A number of instruments and transactions that might otherwise fit the definition of "swap" or "security-based swap" are specifically excluded from the definitions. Various types of consumer transactions entered into as part of a person's household and personal life are not swaps or security-based swaps. Consumer contracts include contracts to buy or lease real or personal property or to obtain a mortgage, contracts to purchase products or services for personal, family, or household purposes, consumer product warranties or extended service plans, and consumer guarantees of credit card debt or automobile loans of friends or relatives.
Similarly, common commercial transactions are also excluded from the definition of swap and security-based swap. Guidance in the adopting release for the Product Definition Rules provides a lengthy list of commercial contracts which are neither swaps nor security-based swaps, including employment contracts, sales and servicing arrangements, merger agreements, agreements for the purchase or sale of real property or intellectual property, warehouse lending arrangements, mortgages, and fixed or variable interest commercial loans. The guidance, however, also makes clear that the particular characteristics of a contract will be determinative of its status.
For example, generally, loan participations are neither swaps nor security-based swaps. The Commissions identify as a key characteristic of loan participations that a lender "transfers or offers a participation in the economic risks and benefits of all or a portion of a loan or commitment it has entered into with a borrower to another party as an alternative or precursor to assigning to such person the loan or a commitment or an interest in the loan or commitment." 7 The adopting release lists several criteria that "should be present" in a loan participation for it to be excluded from the definitions of swap and security-based swap.
- The grantor of the loan participation is a lender under (or participant or sub-participant in) the loan.

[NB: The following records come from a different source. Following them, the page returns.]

lemma bakry_emery_lower_bound:
  assumes x: "x \<in> Mn" and pos: "pos_def_mat (gb x)" and D: "D > 2" and \<Lambda>: "\<Lambda> < 0"
    and identity: "\<And>m k. ricci gb m k x - (D - 2) * hess gb A m k x
        = \<Lambda> * gb x $ m $ k - (D - 2) * pd m A x * pd k A x + \<kappa>\<^sup>2 / 2 * S m k"
    and S: "psd_form S"
    and \<sigma>: "(D - 2) * grad_norm gb A x \<le> \<sigma>"
  shows "psd_form (\<lambda>m k. ricci gb m k x - hess gb (\<lambda>x'. (D - 2) * A x') m k x
            + (\<bar>\<Lambda>\<bar> + \<sigma>\<^sup>2 / (D - 2)) * gb x $ m $ k)"
proof -
  have "sqrt (\<Sum>a\<in>UNIV. \<Sum>b\<in>UNIV. matrix_inv (gb x) $ a $ b * pd a A x * pd b A x) \<le> \<sigma> / (D - 2)"
    using \<sigma> D by (simp add: grad_norm_def field_simps)
  then have "(\<Sum>a\<in>UNIV. \<Sum>b\<in>UNIV. matrix_inv (gb x) $ a $ b * pd a A x * pd b A x) \<le> (\<sigma> / (D - 2))\<^sup>2"
    by (rule sqrt_le_D)
  moreover have "sym_mat (gb x)"
    using gb_sym[OF x] by (simp add: sym_mat_def transpose_def vec_eq_iff)
  ultimately have "psd_form (\<lambda>m k. (\<sigma> / (D - 2))\<^sup>2 * gb x $ m $ k - pd m A x * pd k A x)"
    using pos by (rule psd_form_metric_minus_covector_square[rotated -1])
  then have "psd_form (\<lambda>m k. (D - 2) * ((\<sigma> / (D - 2))\<^sup>2 * gb x $ m $ k - pd m A x * pd k A x)
                            + \<kappa>\<^sup>2 / 2 * S m k)"
    using D S by (intro psd_form_add psd_form_cmult) auto
  moreover have "ricci gb m k x - hess gb (\<lambda>x'. (D - 2) * A x') m k x + (\<bar>\<Lambda>\<bar> + \<sigma>\<^sup>2 / (D - 2)) * gb x $ m $ k
      = (D - 2) * ((\<sigma> / (D - 2))\<^sup>2 * gb x $ m $ k - pd m A x * pd k A x) + \<kappa>\<^sup>2 / 2 * S m k" for m k
  proof -
    have "(D - 2) * (\<sigma> / (D - 2))\<^sup>2 = \<sigma>\<^sup>2 / (D - 2)"
      using D by (simp add: power2_eq_square)
    then have "(D - 2) * ((\<sigma> / (D - 2))\<^sup>2 * gb x $ m $ k - pd m A x * pd k A x)
        = \<sigma>\<^sup>2 / (D - 2) * gb x $ m $ k - (D - 2) * pd m A x * pd k A x"
      by (simp add: right_diff_distrib mult.assoc[symmetric])
    then show ?thesis
      unfolding hess_cmult[OF x] using identity[of m k] \<Lambda> by (simp add: algebra_simps)
  qed
  ultimately show ?thesis by simp
qed

end

theorem mainTheorem1:
  fixes gd :: "real^'d::finite \<Rightarrow> real^'d^'d"
    and gb :: "real^'n::finite \<Rightarrow> real^'n^'n"
    and A :: "real^'n \<Rightarrow> real"
    and T :: "real^('d + 'n) \<Rightarrow> real^('d + 'n)^('d + 'n)"
    and Xd :: "(real^'d) set" and Mn :: "(real^'n) set"
    and \<Lambda> \<kappa> \<sigma> :: real
  defines "d \<equiv> real CARD('d)" and "n \<equiv> real CARD('n)" and "D \<equiv> real CARD('d) + real CARD('n)"
  assumes dim_d: "CARD('d) \<ge> 2" and dim_n: "CARD('n) \<ge> 2"
    and Ud_open: "open Xd" and Ud_ne: "Xd \<noteq> {}" and Ud_conn: "connected Xd"
    and Mn_open: "open Mn" and Mn_conn: "connected Mn"
    and Lneg: "\<Lambda> < 0" and kpos: "\<kappa> > 0"
    and gd_lor: "lorentzian_on Xd gd"
    and gd_maxsym: "\<forall>y\<in>Xd. \<forall>a b c e. riemann_low gd a b c e y =
                       \<Lambda> / (d - 1) * (gd y $ a $ c * gd y $ b $ e - gd y $ a $ e * gd y $ b $ c)"
    and gd_einstein: "\<forall>y\<in>Xd. \<forall>a b. ricci gd a b y = \<Lambda> * gd y $ a $ b"
    and gb_riem: "riemannian_on Mn gb"
    and A_smooth: "coord_smooth_on Mn A"
    and T_sym: "\<forall>z\<in>prod_dom Xd Mn. sym_mat (T z)"
    and einstein: "\<forall>z\<in>prod_dom Xd Mn. \<forall>M N.
          ricci (warped_metric gd gb A) M N z =
            \<kappa>\<^sup>2 / 2 * (T z $ M $ N - warped_metric gd gb A z $ M $ N
                         * trace_wrt (warped_metric gd gb A z) (T z) / (D - 2))"
    and REC: "\<forall>z\<in>prod_dom Xd Mn.
          psd_form (\<lambda>m k. T z $ Inr m $ Inr k - gb (xpart z) $ m $ k * trace_d (gd (ypart z)) (T z) / d)"
    and sigma_nonneg: "\<sigma> \<ge> 0"
    and sigma_bound: "\<forall>x\<in>Mn. (D - 2) * grad_norm gb A x \<le> \<sigma>"
  shows "(\<forall>z\<in>prod_dom Xd Mn. \<forall>m k.
            ricci gb m k (xpart z) - (D - 2) * hess gb A m k (xpart z) =
              \<Lambda> * gb (xpart z) $ m $ k
              - (D - 2) * pd m A (xpart z) * pd k A (xpart z)
              + \<kappa>\<^sup>2 / 2 * (T z $ Inr m $ Inr k
                             - gb (xpart z) $ m $ k * trace_d (gd (ypart z)) (T z) / d))
       \<and> (\<forall>x\<in>Mn. psd_form (\<lambda>m k.
            ricci gb m k x - hess gb (\<lambda>x'. (D - 2) * A x') m k x
            + (\<bar>\<Lambda>\<bar> + \<sigma>\<^sup>2 / (D - 2)) * gb x $ m $ k))"
proof -
  interpret warped_product gd gb A Xd Mn
    using Ud_open Mn_open gd_lor gb_riem A_smooth by (rule warped_productI)
  have identity: "ricci gb m k (xpart z) - (D - 2) * hess gb A m k (xpart z) =
      \<Lambda> * gb (xpart z) $ m $ k - (D - 2) * pd m A (xpart z) * pd k A (xpart z)
      + \<kappa>\<^sup>2 / 2 * (T z $ Inr m $ Inr k - gb (xpart z) $ m $ k * trace_d (gd (ypart z)) (T z) / d)"
    if z: "z \<in> prod_dom Xd Mn" for z m k
  proof -
    have "ypart z \<in> Xd" using z by (simp add: prod_dom_def)
    then show ?thesis
      unfolding d_def using z einstein gd_einstein
      by (intro ricci_minus_hess_eq[OF z]) (auto simp: D_def)
  qed
  have "psd_form (\<lambda>m k. ricci gb m k x - hess gb (\<lambda>x'. (D - 2) * A x') m k x
            + (\<bar>\<Lambda>\<bar> + \<sigma>\<^sup>2 / (D - 2)) * gb x $ m $ k)" if x: "x \<in> Mn" for x
  proof -
    obtain y where "y \<in> Xd" using Ud_ne by blast
    then have z: "join y x \<in> prod_dom Xd Mn" using x by simp
    show ?thesis
    proof (rule bakry_emery_lower_bound[OF x])
      show "pos_def_mat (gb x)" using gb_riem x by (simp add: riemannian_on_def)
      show "D > 2" using dim_d dim_n by (simp add: D_def)
    qed (use identity[OF z] REC[rule_format, OF z] Lneg sigma_bound x in auto)
  qed
  then show ?thesis using identity by blast
qed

- The aggregate participation in the loan does not exceed the principal amount of the loan; the loan participation does not grant, in the aggregate, a greater interest to the participant than the grantor holds.

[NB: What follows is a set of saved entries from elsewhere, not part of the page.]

text \<open>Half-edges are the numbers 1..N. A perfect matching is a set of 2-element
  subsets of {1..N} such that every half-edge lies in exactly one of them.\<close>
definition perfect_matching :: "nat \<Rightarrow> nat set set \<Rightarrow> bool" where
  "perfect_matching N g \<longleftrightarrow>
     (\<forall>p\<in>g. card p = 2 \<and> p \<subseteq> {1..N}) \<and> (\<forall>s\<in>{1..N}. \<exists>!p. p \<in> g \<and> s \<in> p)"

definition PM :: "nat \<Rightarrow> nat set set set" where
  "PM N = {g. perfect_matching N g}"

fun dfact :: "nat \<Rightarrow> nat" where
  "dfact 0 = 1"
| "dfact (Suc 0) = 1"
| "dfact (Suc (Suc k)) = Suc (Suc k) * dfact k"

definition ffact2 :: "nat \<Rightarrow> nat \<Rightarrow> nat" where
  "ffact2 m r = (\<Prod>i<r. m - 2 * i)"

text \<open>Vertex structure: half-edge s (1 \<le> s \<le> N) belongs to vertex vx s;
  d i is the degree of vertex i.  Index sets Gamma_11, Gamma_12, Gamma_21, Gamma_22.\<close>
definition Gamma11 :: "nat \<Rightarrow> (nat \<Rightarrow> nat) \<Rightarrow> (nat \<Rightarrow> nat) \<Rightarrow> nat set set set" where
  "Gamma11 N d vx = {{{s,t}} | s t. s \<in> {1..N} \<and> t \<in> {1..N} \<and> vx s < vx t
                       \<and> d (vx s) = 1 \<and> d (vx t) = 1}"

definition Gamma12 :: "nat \<Rightarrow> (nat \<Rightarrow> nat) \<Rightarrow> (nat \<Rightarrow> nat) \<Rightarrow> nat set set set" where
  "Gamma12 N d vx = {{{s,u},{t,v}} | s t u v. s \<in> {1..N} \<and> t \<in> {1..N} \<and> u \<in> {1..N} \<and> v \<in> {1..N}
                       \<and> vx s < vx t \<and> d (vx s) = 1 \<and> d (vx t) = 1
                       \<and> u \<noteq> v \<and> vx u = vx v \<and> d (vx u) = 2}"

definition Gamma21 :: "nat \<Rightarrow> (nat \<Rightarrow> nat) \<Rightarrow> (nat \<Rightarrow> nat) \<Rightarrow> nat set set set" where
  "Gamma21 N d vx = {{{s,t}} | s t. s \<in> {1..N} \<and> t \<in> {1..N} \<and> s < t \<and> vx s = vx t}"

definition Gamma22 :: "nat \<Rightarrow> (nat \<Rightarrow> nat) \<Rightarrow> (nat \<Rightarrow> nat) \<Rightarrow> nat set set set" where
  "Gamma22 N d vx = {{{s,u},{t,v}} | s t u v. s \<in> {1..N} \<and> t \<in> {1..N} \<and> u \<in> {1..N} \<and> v \<in> {1..N}
                       \<and> s < t \<and> vx s = vx t \<and> u \<noteq> v \<and> vx u = vx v \<and> vx s < vx u}"

definition Gamma :: "nat \<Rightarrow> (nat \<Rightarrow> nat) \<Rightarrow> (nat \<Rightarrow> nat) \<Rightarrow> nat set set set" where
  "Gamma N d vx = Gamma11 N d vx \<union> Gamma12 N d vx \<union> Gamma21 N d vx \<union> Gamma22 N d vx"

text \<open>The k-th pair of alpha (0-indexed) in the order of increasing minima.\<close>
definition edge_at :: "nat set set \<Rightarrow> nat \<Rightarrow> nat set" where
  "edge_at \<alpha> k = (THE p. p \<in> \<alpha> \<and> Min p = sorted_list_of_set (Min ` \<alpha>) ! k)"

text \<open>One switching step (step number k+1 in the paper's 1-indexed notation), with
  random value b in {1..N-2(e-(k+1))-1}.\<close>
definition switch_step :: "nat \<Rightarrow> nat set set \<Rightarrow> nat set set \<Rightarrow> nat \<Rightarrow> nat \<Rightarrow> nat set set" where
  "switch_step N \<alpha> g k b =
     (let p = edge_at \<alpha> k; a = Min p; c = Max p;
          avoid = {a} \<union> \<Union>{edge_at \<alpha> m | m. k < m \<and> m < card \<alpha>};
          t1 = sorted_list_of_set ({1..N} - avoid) ! (b - 1);
          t2 = (THE t. {t1, t} \<in> g)
      in (g - {{a, c}, {t1, t2}}) \<union> {{a, t1}, {c, t2}})"

definition switch :: "nat \<Rightarrow> nat set set \<Rightarrow> nat set set \<Rightarrow> nat list \<Rightarrow> nat set set" where
  "switch N \<alpha> g bs = foldl (\<lambda>h k. switch_step N \<alpha> h k (bs ! k)) g [0..<card \<alpha>]"

text \<open>The switched matching g_alpha (I_alpha = 1 iff alpha is contained in g).\<close>
definition g_alpha :: "nat \<Rightarrow> nat set set \<Rightarrow> nat set set \<Rightarrow> nat list \<Rightarrow> nat set set" where
  "g_alpha N \<alpha> g bs = (if \<alpha> \<subseteq> g then switch N \<alpha> g bs else g)"

text \<open>Range of the independent uniform variables B_{alpha,1},...,B_{alpha,e}
  (list position k corresponds to l = k+1).\<close>
definition B_space :: "nat \<Rightarrow> nat \<Rightarrow> nat list set" where
  "B_space N e = {bs. length bs = e \<and> (\<forall>k<e. bs ! k \<in> {1..N - 2 * (e - Suc k) - 1})}"

definition joint :: "nat \<Rightarrow> nat set set \<Rightarrow> (nat set set \<times> nat list) pmf" where
  "joint N \<alpha> = pair_pmf (pmf_of_set (PM N)) (pmf_of_set (B_space N (card \<alpha>)))"

definition p_alpha :: "nat \<Rightarrow> nat set set \<Rightarrow> real" where
  "p_alpha N \<alpha> = measure_pmf.prob (pmf_of_set (PM N)) {g. \<alpha> \<subseteq> g}"

end

theory Submission
  imports Defs
begin

(* Everything rests on one observation: for a pair {a, c} of a perfect matching g and a
  half-edge t outside a, replacing {a, c} and {t, t'} (t' the partner of t) by {a, t} and
  {c, t'} is undone by the same operation with the roles of c and t exchanged, and t is
  recovered as the new partner of a.  Hence, if E is a set of pairs avoiding a and c, this
  switch is a bijection from the matchings containing {a, c} and E, paired with the
  half-edges t outside a and outside the pairs of E, onto the matchings containing E.
  The switching g_alpha performs e such switches, the l-th one keeping the later pairs of
  alpha fixed and choosing t via B_(alpha,l); so (g, B) |-> g_alpha is a bijection from
  {g. alpha <= g} x B_space onto all perfect matchings.  Under the uniform law of (g, B)
  the event {alpha <= g} therefore carries the uniform law on perfect matchings, scaled
  by |{g. alpha <= g}| / |PM| = 1 / |B_space| = p_alpha, and |B_space| = ((N-1))_e.
  A single switch with E empty also gives |PM_N| = (N-1) |PM_(N-2)|, whence
  |PM_N| = (N-1)!!. *)

section \<open>Perfect matchings of a finite set\<close>

definition perfect_matching_on :: "'a set \<Rightarrow> 'a set set \<Rightarrow> bool" where
  "perfect_matching_on S g \<longleftrightarrow>
     (\<forall>p\<in>g. card p = 2 \<and> p \<subseteq> S) \<and> (\<forall>s\<in>S. \<exists>!p. p \<in> g \<and> s \<in> p)"

lemma perfect_matching_onI:
  assumes "\<And>p. p \<in> g \<Longrightarrow> card p = 2 \<and> p \<subseteq> S" "\<And>s. s \<in> S \<Longrightarrow> \<exists>!p. p \<in> g \<and> s \<in> p"
  shows "perfect_matching_on S g"
  using assms unfolding perfect_matching_on_def by simp

lemma perfect_matching_iff_on: "perfect_matching N g \<longleftrightarrow> perfect_matching_on {1..N} g"
  unfolding perfect_matching_def perfect_matching_on_def by simp

lemma PM_eq: "PM N = {g. perfect_matching_on {1..N} g}"
  unfolding PM_def perfect_matching_iff_on ..

context
  fixes S :: "'a set" and g :: "'a set set"
  assumes pm: "perfect_matching_on S g"
begin

lemma perfect_matching_on_card_edge: "p \<in> g \<Longrightarrow> card p = 2"
  using pm unfolding perfect_matching_on_def by auto

lemma perfect_matching_on_edge_subset: "p \<in> g \<Longrightarrow> p \<subseteq> S"
  using pm unfolding perfect_matching_on_def by auto

lemma perfect_matching_on_edge_unique: "p \<in> g \<Longrightarrow> q \<in> g \<Longrightarrow> s \<in> p \<Longrightarrow> s \<in> q \<Longrightarrow> p = q"
  using pm unfolding perfect_matching_on_def by (metis subsetD)

lemma perfect_matching_on_ex1: "s \<in> S \<Longrightarrow> \<exists>!p. p \<in> g \<and> s \<in> p"
  using pm unfolding perfect_matching_on_def by simp

lemma perfect_matching_on_covers: "s \<in> S \<Longrightarrow> \<exists>p\<in>g. s \<in> p"
  using pm unfolding perfect_matching_on_def by blast

lemma perfect_matching_on_edge_neq: "{a, b} \<in> g \<Longrightarrow> a \<noteq> b"
  using perfect_matching_on_card_edge by fastforce

end

lemma perfect_matching_on_empty: "perfect_matching_on {} g \<longleftrightarrow> g = {}"
  unfolding perfect_matching_on_def by (auto dest: card_2_iff[THEN iffD1])

lemma perfect_matching_on_doubleton: "a \<noteq> c \<Longrightarrow> perfect_matching_on {a, c} {{a, c}}"
  unfolding perfect_matching_on_def by auto

lemma perfect_matching_on_Un:
  assumes g: "perfect_matching_on A g" and h: "perfect_matching_on B h" and "A \<inter> B = {}"
  shows "perfect_matching_on (A \<union> B) (g \<union> h)"
proof (rule perfect_matching_onI)
  fix p assume "p \<in> g \<union> h"
  then show "card p = 2 \<and> p \<subseteq> A \<union> B"
    using g h unfolding perfect_matching_on_def by blast
next
  fix s assume "s \<in> A \<union> B"
  then consider "s \<in> A" "s \<notin> B" | "s \<in> B" "s \<notin> A"
    using assms(3) by blast
  then show "\<exists>!p. p \<in> g \<union> h \<and> s \<in> p"
  proof cases
    case 1
    then have "\<exists>!p. p \<in> g \<and> s \<in> p" "\<forall>q\<in>h. s \<notin> q"
      using perfect_matching_on_ex1[OF g] perfect_matching_on_edge_subset[OF h] by blast+
    then show ?thesis by (metis Un_iff)
  next
    case 2
    then have "\<exists>!p. p \<in> h \<and> s \<in> p" "\<forall>q\<in>g. s \<notin> q"
      using perfect_matching_on_ex1[OF h] perfect_matching_on_edge_subset[OF g] by blast+
    then show ?thesis by (metis Un_iff)
  qed
qed

lemma perfect_matching_on_Diff:
  assumes pm: "perfect_matching_on S g" and "G \<subseteq> g"
  shows "perfect_matching_on (S - \<Union>G) (g - G)"
proof (rule perfect_matching_onI)
  fix p assume p: "p \<in> g - G"
  then have "p \<inter> \<Union>G = {}"
    using assms perfect_matching_on_edge_unique[OF pm] by blast
  then show "card p = 2 \<and> p \<subseteq> S - \<Union>G"
    using p perfect_matching_on_card_edge[OF pm] perfect_matching_on_edge_subset[OF pm] by blast
next
  fix s assume s: "s \<in> S - \<Union>G"
  then obtain p where p: "p \<in> g" "s \<in> p"
    using perfect_matching_on_covers[OF pm] by blast
  then have "p \<in> g - G"
    using s by blast
  then show "\<exists>!p. p \<in> g - G \<and> s \<in> p"
    using p perfect_matching_on_edge_unique[OF pm] by blast
qed

section \<open>Switching one pair\<close>

definition partner :: "'a set set \<Rightarrow> 'a \<Rightarrow> 'a" where
  "partner g t = (THE u. {t, u} \<in> g)"

lemma partner_eqI:
  assumes pm: "perfect_matching_on S g" and tu: "{t, u} \<in> g"
  shows "partner g t = u"
  unfolding partner_def
proof (rule the_equality)
  fix v assume "{t, v} \<in> g"
  then have "{t, v} = {t, u}"
    using perfect_matching_on_edge_unique[OF pm _ tu] by blast
  moreover have "t \<noteq> u"
    using perfect_matching_on_edge_neq[OF pm tu] .
  ultimately show "v = u"
    by (metis doubleton_eq_iff)
qed (fact tu)

lemma partner_mem:
  assumes pm: "perfect_matching_on S g" and t: "t \<in> S"
  shows "{t, partner g t} \<in> g"
proof -
  obtain p where p: "p \<in> g" "t \<in> p"
    using perfect_matching_on_covers[OF pm t] by blast
  then obtain u where "p = {t, u}"
    using perfect_matching_on_card_edge[OF pm] by (metis card_2_iff insert_commute insert_iff singletonD)
  then show ?thesis
    using partner_eqI[OF pm] p by simp
qed

text \<open>The step from g_(l-1) to g_l of the switching: a and c are the smaller and the larger
  element of the l-th pair of alpha, and t is t_(l,1).\<close>

definition switch_edge :: "'a \<Rightarrow> 'a \<Rightarrow> 'a set set \<Rightarrow> 'a \<Rightarrow> 'a set set" where
  "switch_edge a c g t = (g - {{a, c}, {t, partner g t}}) \<union> {{a, t}, {c, partner g t}}"

lemma perfect_matching_on_swap:
  assumes pm: "perfect_matching_on S g" and ac: "{a, c} \<in> g" and tu: "{t, u} \<in> g"
    and distinct: "t \<notin> {a, c}" "u \<notin> {a, c}"
  shows "perfect_matching_on S ((g - {{a, c}, {t, u}}) \<union> {{a, t}, {c, u}})"
proof -
  have "a \<noteq> c" "t \<noteq> u"
    using perfect_matching_on_edge_neq[OF pm] ac tu by auto
  then have new: "perfect_matching_on {a, c, t, u} {{a, t}, {c, u}}"
    using perfect_matching_on_Un[OF perfect_matching_on_doubleton perfect_matching_on_doubleton, of a t c u]
      distinct by (auto simp: insert_commute)
  have "\<Union>{{a, c}, {t, u}} \<subseteq> S"
    using perfect_matching_on_edge_subset[OF pm] ac tu by blast
  then have "S - \<Union>{{a, c}, {t, u}} \<union> {a, c, t, u} = S"
    by auto
  then show ?thesis
    using perfect_matching_on_Un[OF perfect_matching_on_Diff[OF pm, of "{{a, c}, {t, u}}"] new]
      ac tu by auto
qed

lemma switch_edge_self:
  assumes pm: "perfect_matching_on S g" and ac: "{a, c} \<in> g"
  shows "switch_edge a c g c = g"
proof -
  have "partner g c = a"
    using partner_eqI[OF pm, of c a] ac by (simp add: insert_commute)
  then show ?thesis
    unfolding switch_edge_def using ac by (auto simp: insert_commute)
qed

lemma switch_edge_other:
  assumes pm: "perfect_matching_on S g" and ac: "{a, c} \<in> g" and t: "t \<in> S" "t \<notin> {a, c}"
  shows "perfect_matching_on S (switch_edge a c g t)"
    and "{a, t} \<in> switch_edge a c g t"
    and "switch_edge a t (switch_edge a c g t) c = g"
proof -
  define u where "u = partner g t"
  have tu: "{t, u} \<in> g"
    unfolding u_def using partner_mem[OF pm t(1)] .
  have "{t, u} \<noteq> {a, c}"
    using t(2) by (auto simp: doubleton_eq_iff)
  then have u: "u \<notin> {a, c}"
    using perfect_matching_on_edge_unique[OF pm tu ac] by blast
  have switched: "switch_edge a c g t = (g - {{a, c}, {t, u}}) \<union> {{a, t}, {c, u}}"
    unfolding switch_edge_def u_def ..
  show pm': "perfect_matching_on S (switch_edge a c g t)"
    unfolding switched using perfect_matching_on_swap[OF pm ac tu t(2) u] .
  show "{a, t} \<in> switch_edge a c g t"
    unfolding switched by blast
  have "partner (switch_edge a c g t) c = u"
    using partner_eqI[OF pm', of c u] switched by blast
  then have "switch_edge a t (switch_edge a c g t) c
      = (switch_edge a c g t - {{a, t}, {c, u}}) \<union> {{a, c}, {t, u}}"
    unfolding switch_edge_def[of a t] by simp
  also have "\<dots> = g"
  proof -
    have "{a, t} \<notin> g" "{c, u} \<notin> g"
      using perfect_matching_on_edge_unique[OF pm _ ac] t(2) u by (auto simp: doubleton_eq_iff)
    then show ?thesis
      unfolding switched using ac tu by auto
  qed
  finally show "switch_edge a t (switch_edge a c g t) c = g" .
qed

- The entire purchase price for the loan participation is paid in full when acquired and not financed.
- The loan participation provides the participant all of the economic benefit and risk of the whole loan or the part of the loan subject to the loan participation.
Forward contract exclusion for nonfinancial commodities
Forward contracts are excluded from the terms "swap" and "security-based swap." As referenced in the Commodity Exchange Act, a forward contract is "any sale of a nonfinancial commodity or security for deferred shipment or delivery, so long as the transaction is intended to be physically settled."8 In the adopting release, the CFTC confirmed that this exclusion should be interpreted in a manner consistent with the existing forward exclusion with respect to futures contracts.
According to the guidance, a key element of a forward contract is that the primary purpose of the contract is to transfer ownership of the commodity and not just its price risk. As a result, intent to deliver will be an element in determining whether a contract is a forward contract, according to interpretive guidance. That being said, the CFTC confirmed that its prior interpretations with regard to "book-outs," where cash is often used to settle physical delivery obligations, will continue to apply and the fact that cash is used to settle a contract instead of physical delivery will not automatically preclude the contract from being considered a forward.
Exclusion for Insurance Products
The Commissions made it clear that it is not intended that traditional insurance products that are already subject to regulation by a state or a federal regulator be captured by the definition of swap or security-based swap. To that end, the Product Definition Rules provide a non-exclusive safe harbor: an insurance product will not be a swap or security-based swap if it meets the criteria of the "Provider Test" and also either (i) meets the criteria of the "Product Test" or (ii) is included on the enumerated products list (included in the release's interpretive guidance and at Rule 1.3(xxx)(4)(i)(C)). The Product Test establishes requirements for the product, such as requiring that the beneficiary has an insurable interest and carries the risk of loss, that the loss must occur as a condition of performance, and that the contract must not be traded separately from the insured interest. The "Provider Test" requires the provider fall into a list of categories, including a person subject to supervision by a state or federal insurance commissioner. Additionally, the Product Definition Rules include a "grandfather exclusion" from the definition of swap and security-based swap for insurance product transactions entered into prior to the effective date of the Product Definition Rules provided that at the time of entering into such a transaction, it met the criteria of the Provider Test.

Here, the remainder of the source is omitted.